Using AI to Reduce Time-to-Market

Syngenta help improve global food security by enabling millions of farmers to make better use of biotechnologies.

Challenge

Today, the average farmer feeds about 6 times the number of people they did in 1960. And by 2050, they’ll feed more than two-thirds as many again! These amazing efficiencies are only possible with the high yields that technology-driven breeding can offer. Syngenta is a leading agriculture company helping to improve global food security by enabling farmers to make better use seed genomics. Developing a new, high-yielding seed variety is highly technical and time-consuming. A single variety can take about 9 years and lots of testing resources. For this reason, Syngenta wanted to develop methods for quickly selecting high-yielding soybean varieties.

Strategy and Solution

I worked with another research scientist to deliver a solution to Syngenta. The approach was to organize the data that Syngenta collected, supplement it with additional remote sensing data, and build a high-accuracy ML model.
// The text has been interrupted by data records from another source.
(* Let $n$ and $m$ be integers with $n\ge 1$ and $0\le m\le n$, and let $\theta>0$ be real. Then $$T'_{n+1,m+1}(\theta)=\frac{\theta^{m}}{(\theta+1)_n}\,\frac{1}{2\pi i}\int_{\mathcal C_R}\frac{(z+1)_n}{z^{m}}\,\frac{dz}{\theta-z},$$ for every $R$ with $0<R<\theta$, where $\mathcal C_R$ is the circle $|z|=R$ in the complex plane, traversed once counterclockwise.
   Context: For a complex number $\alpha$ and an integer $n\ge0$, the Pochhammer symbol is $(\alpha)_0=1$, $(\alpha)_n=\alpha(\alpha+1)\cdots(\alpha+n-1)$. The Stirling numbers of the first kind $S_n^{(k)}$ ($0\le k\le n$) are defined by the polynomial identity $(\theta)_n=\sum_{k=0}^n(-1)^{n-k}S_n^{(k)}\theta^k$. For integers $0\le m\le n$ and real $\theta>0$, define $$S'_{n,m}(\theta)=\frac{1}{(\theta)_n}\sum_{k=m}^n(-1)^{n-k}S_n^{(k)}\theta^k,\qquad T'_{n,m}(\theta)=1-S'_{n,m}(\theta)=\frac{1}{(\theta)_n}\sum_{k=0}^{m-1}(-1)^{n-k}S_n^{(k)}\theta^k .$$ *)

theory Defs
  imports "HOL-Complex_Analysis.Complex_Analysis" "HOL-Combinatorics.Stirling"
begin

text \<open>Signed Stirling numbers of the first kind S_n^(k), characterised by
  (theta)_n = sum_k (-1)^(n-k) S_n^(k) theta^k; the library's stirling n k is the
  unsigned version, so S_n^(k) = (-1)^(n-k) * stirling n k.\<close>
definition stirling1_signed :: "nat \<Rightarrow> nat \<Rightarrow> real" where
  "stirling1_signed n k = (-1) ^ (n - k) * real (stirling n k)"

definition S' :: "nat \<Rightarrow> nat \<Rightarrow> real \<Rightarrow> real" where
  "S' n m \<theta> = (1 / pochhammer \<theta> n) *
     (\<Sum>k=m..n. (-1) ^ (n - k) * stirling1_signed n k * \<theta> ^ k)"

definition T' :: "nat \<Rightarrow> nat \<Rightarrow> real \<Rightarrow> real" where
  "T' n m \<theta> = (1 / pochhammer \<theta> n) *
     (\<Sum>k=0..<m. (-1) ^ (n - k) * stirling1_signed n k * \<theta> ^ k)"

end

theory Submission
  imports Defs
begin

text \<open>Write \<open>(z + 1)_n = \<Sum>_j c_j z^j\<close> with \<open>c_j = stirling (n + 1) (j + 1)\<close>. On the circle
  \<open>|z| = R < \<theta>\<close> the partial fraction expansion
  \<open>\<theta>^m / (z^m (\<theta> - z)) = 1 / (\<theta> - z) + \<Sum>_{i<m} \<theta>^i / z^(i+1)\<close> splits the integrand into a
  part holomorphic on the disc, which integrates to zero, and terms whose integrals pick out the
  coefficients \<open>2 \<pi> i c_i\<close>. So the right-hand side equals \<open>\<Sum>_{i<m} c_i \<theta>^i / (\<theta> + 1)_n\<close>, and
  this is \<open>T'_{n+1,m+1}(\<theta>)\<close> because \<open>stirling (n + 1) 0 = 0\<close> and \<open>(\<theta>)_{n+1} = \<theta> (\<theta> + 1)_n\<close>.\<close>

lemma has_contour_integral_power_div_power_circlepath:
  assumes "0 < R"
  shows "((\<lambda>z::complex. z ^ j / z ^ Suc i) has_contour_integral
           (if j = i then 2 * pi * \<i> else 0)) (circlepath 0 R)"
proof -
  have "((\<lambda>z. (z - 0) ^ j / (z - 0) ^ Suc i) has_contour_integral
           2 * pi * \<i> / fact i * (deriv ^^ i) (\<lambda>z. (z - 0) ^ j) 0) (circlepath 0 R)"
    by (rule Cauchy_has_contour_integral_higher_derivative_circlepath)
       (use assms in \<open>auto intro!: continuous_intros holomorphic_intros\<close>)
  also have "(deriv ^^ i) (\<lambda>z. (z - 0) ^ j) 0 =
               pochhammer (of_nat (Suc j - i)) i * (0 - 0) ^ (j - i)"
    by (rule higher_deriv_power)
  also have "\<dots> = (if j = i then fact i else 0 :: complex)"
    by (cases j i rule: linorder_cases) (auto simp: pochhammer_fact pochhammer_0_left)
  finally have "((\<lambda>z. z ^ j / z ^ Suc i) has_contour_integral
                  2 * pi * \<i> / fact i * (if j = i then fact i else 0)) (circlepath 0 R)"
    by (simp only: diff_zero)
  moreover have "2 * pi * \<i> / fact i * (if j = i then fact i else 0) =
                   (if j = i then 2 * pi * \<i> else 0)"
    by simp
  ultimately show ?thesis by (simp only:)
qed

lemma divide_power_mult_diff_eq:
  fixes t z :: "'a::field"
  assumes "z \<noteq> 0" "t \<noteq> z"
  shows "t ^ m / (z ^ m * (t - z)) = 1 / (t - z) + (\<Sum>i<m. t ^ i / z ^ Suc i)"
proof (induction m)
  case (Suc m)
  have "t ^ Suc m / (z ^ Suc m * (t - z)) = t ^ m / (z ^ m * (t - z)) + t ^ m / z ^ Suc m"
    using assms by (simp add: field_simps)
  then show ?case by (simp add: Suc.IH)
qed simp

lemma pochhammer_plus_1_eq_sum_stirling:
  fixes z :: "'a::idom"
  shows "pochhammer (z + 1) n = (\<Sum>j\<le>n. of_nat (stirling (Suc n) (Suc j)) * z ^ j)"
proof (cases "z = 0")
  case True
  have "(\<Sum>j\<le>n. of_nat (stirling (Suc n) (Suc j)) * (0::'a) ^ j) = of_nat (stirling (Suc n) 1)"
    by (simp add: sum.atMost_shift del: stirling.simps)
  then show ?thesis
    using True
    by (simp add: stirling_Suc_n_1 fact_prod_Suc pochhammer_prod add.commute del: stirling.simps)
next
  case False
  have "z * pochhammer (z + 1) n = pochhammer z (Suc n)"
    by (simp add: pochhammer_rec)
  also have "\<dots> = (\<Sum>k\<le>Suc n. of_nat (stirling (Suc n) k) * z ^ k)"
    by (rule stirling_pochhammer[symmetric])
  also have "\<dots> = z * (\<Sum>j\<le>n. of_nat (stirling (Suc n) (Suc j)) * z ^ j)"
    by (subst sum.atMost_Suc_shift) (simp add: sum_distrib_left mult_ac del: stirling.simps)
  finally show ?thesis using False by simp
qed

lemma has_contour_integral_sum_power_div_power_circlepath:
  assumes "0 < R" "i \<le> n"
  shows "((\<lambda>z::complex. (\<Sum>j\<le>n. a j * z ^ j) / z ^ Suc i) has_contour_integral
           2 * pi * \<i> * a i) (circlepath 0 R)"
proof -
  have "((\<lambda>z. \<Sum>j\<le>n. a j * (z ^ j / z ^ Suc i)) has_contour_integral
          (\<Sum>j\<le>n. a j * (if j = i then 2 * pi * \<i> else 0))) (circlepath 0 R)"
    by (intro has_contour_integral_sum has_contour_integral_lmul
          has_contour_integral_power_div_power_circlepath assms) auto
  moreover have "(\<Sum>j\<le>n. a j * (if j = i then 2 * pi * \<i> else 0)) = 2 * pi * \<i> * a i"
    using assms(2) by (simp add: if_distrib cong: if_cong)
  ultimately show ?thesis by (simp only: sum_divide_distrib times_divide_eq_right)
qed

lemma has_contour_integral_polynomial_div_power_diff_circlepath:
  fixes t :: complex
  assumes "0 < R" "R < norm t" "m \<le> Suc n"
  shows "((\<lambda>z. (\<Sum>j\<le>n. a j * z ^ j) / z ^ m * (1 / (t - z))) has_contour_integral
           2 * pi * \<i> * (\<Sum>i<m. a i * t ^ i) / t ^ m) (circlepath 0 R)"
proof -
  define f where "f z = (\<Sum>j\<le>n. a j * z ^ j)" for z
  have regular: "((\<lambda>z. f z / (t - z)) has_contour_integral 0) (circlepath 0 R)"
    by (rule Cauchy_theorem_disc_simple[of _ 0 "norm t"])
       (use assms in \<open>auto simp: f_def intro!: holomorphic_intros\<close>)
  have principal: "((\<lambda>z. \<Sum>i<m. t ^ i * (f z / z ^ Suc i)) has_contour_integral
                     (\<Sum>i<m. t ^ i * (2 * pi * \<i> * a i))) (circlepath 0 R)"
    unfolding f_def using assms
    by (intro has_contour_integral_sum has_contour_integral_lmul
          has_contour_integral_sum_power_div_power_circlepath) auto
  have "0 + (\<Sum>i<m. t ^ i * (2 * pi * \<i> * a i)) = 2 * pi * \<i> * (\<Sum>i<m. a i * t ^ i)"
    by (simp add: sum_distrib_left mult_ac)
  then have "((\<lambda>z. (f z / (t - z) + (\<Sum>i<m. t ^ i * (f z / z ^ Suc i))) / t ^ m)
               has_contour_integral 2 * pi * \<i> * (\<Sum>i<m. a i * t ^ i) / t ^ m) (circlepath 0 R)"
    using has_contour_integral_add[OF regular principal] by (simp only: has_contour_integral_div)
  then show ?thesis
  proof (rule has_contour_integral_eq)
    fix z assume "z \<in> path_image (circlepath 0 R)"
    then have "z \<noteq> 0" "t \<noteq> z" "t \<noteq> 0" using assms by auto
    then have "f z / z ^ m * (1 / (t - z)) = f z * (t ^ m / (z ^ m * (t - z))) / t ^ m"
      by (simp add: field_simps)
    also have "\<dots> = (f z / (t - z) + (\<Sum>i<m. t ^ i * (f z / z ^ Suc i))) / t ^ m"
      unfolding divide_power_mult_diff_eq[OF \<open>z \<noteq> 0\<close> \<open>t \<noteq> z\<close>]
      by (simp add: distrib_left sum_distrib_left mult_ac)
    finally show "(f z / (t - z) + (\<Sum>i<m. t ^ i * (f z / z ^ Suc i))) / t ^ m =
                  (\<Sum>j\<le>n. a j * z ^ j) / z ^ m * (1 / (t - z))"
      by (simp add: f_def)
  qed
qed

lemma T'_eq_sum_stirling: "T' n m \<theta> = (\<Sum>k<m. real (stirling n k) * \<theta> ^ k) / pochhammer \<theta> n"
proof -
  have "(-1) ^ (n - k) * stirling1_signed n k = real (stirling n k)" for k
    by (simp add: stirling1_signed_def mult.assoc[symmetric] flip: power_add)
  then show ?thesis by (simp add: T'_def atLeast0LessThan)
qed

lemma T'_Suc_Suc_eq_sum_stirling:
  assumes "\<theta> \<noteq> 0"
  shows "T' (Suc n) (Suc m) \<theta> =
           (\<Sum>i<m. real (stirling (Suc n) (Suc i)) * \<theta> ^ i) / pochhammer (\<theta> + 1) n"
proof -
  have "(\<Sum>k<Suc m. real (stirling (Suc n) k) * \<theta> ^ k) =
          \<theta> * (\<Sum>i<m. real (stirling (Suc n) (Suc i)) * \<theta> ^ i)"
    by (subst sum.lessThan_Suc_shift) (simp add: sum_distrib_left mult_ac del: stirling.simps)
  then show ?thesis
    using assms by (simp add: T'_eq_sum_stirling pochhammer_rec del: stirling.simps)
qed

theorem corollary1:
  fixes n m :: nat and \<theta> R :: real
  assumes "n \<ge> 1" and "m \<le> n" and "\<theta> > 0" and "0 < R" and "R < \<theta>"
  shows "complex_of_real (T' (n + 1) (m + 1) \<theta>) =
    complex_of_real (\<theta> ^ m / pochhammer (\<theta> + 1) n) *
    (1 / (2 * pi * \<i>)) *
    contour_integral (circlepath 0 R)
      (\<lambda>z. pochhammer (z + 1) n / z ^ m * (1 / (complex_of_real \<theta> - z)))"
proof -
  define A where "A = (\<Sum>i<m. real (stirling (Suc n) (Suc i)) * \<theta> ^ i)"
  have "((\<lambda>z. pochhammer (z + 1) n / z ^ m * (1 / (complex_of_real \<theta> - z))) has_contour_integral
          2 * pi * \<i> * A / \<theta> ^ m) (circlepath 0 R)"
    using has_contour_integral_polynomial_div_power_diff_circlepath
            [of R "complex_of_real \<theta>" m n "\<lambda>j. of_nat (stirling (Suc n) (Suc j))"] assms
    by (simp add: pochhammer_plus_1_eq_sum_stirling A_def del: stirling.simps)
  then have integral: "contour_integral (circlepath 0 R)
      (\<lambda>z. pochhammer (z + 1) n / z ^ m * (1 / (complex_of_real \<theta> - z))) = 2 * pi * \<i> * A / \<theta> ^ m"
    by (rule contour_integral_unique)
  have T': "T' (n + 1) (m + 1) \<theta> = A / pochhammer (\<theta> + 1) n"
    using assms by (simp add: T'_Suc_Suc_eq_sum_stirling A_def del: stirling.simps)
  have "pochhammer (\<theta> + 1) n > 0"
    using assms by (intro pochhammer_pos) simp
  then show ?thesis
    unfolding integral T' using assms by (simp add: field_simps)
qed

end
Digging Deep into the Data

The first challenge of this project was bringing together a large amount of data in a usable way. I cleaned and organized the data that Syngenta was collected from sources as diverse as weather reports, soil characteristics, solar radiation, genetic single nucleotide polymorphisms (SNPs), and yield from over 50 test farms. Then, I merged it with remote sensing data collected from the NASA Moderate Resolution Imaging Spectroradiometer (MODIS) database. Vegetation indices derived from this database have been shown to be good estimators of crop yield and biomass.

syngenta-graph

Building a ML Model that Reduces Development Time

I used ML methods to identify soybean varieties that were consistently high-yielding under a range of environmental, geographical, and soil conditions. The ensemble model that was built was able to predict high-yielding varieties with 99 % accuracy. Most importantly, I used the model to identify 15 soybean varieties that were expected to perform well once commercialized. Using this method allows Syngenta to increase the yields of their commercial soybean varieties by ~5 % and shorten the time it takes to develop new varieties.

Transformation

Syngenta can help farmers grow their profitability by providing them with consistently high-yielding soybean varieties. Moreover, this method for seed selection drastically cuts down on Syngenta’s time-to-market. As part of Syngenta’s Good Growth Plan, they have committed to increasing the average productivity of the world’s major crops to 20% without using more land, water, or input, and data-driven processes like this are helping them reach this goal.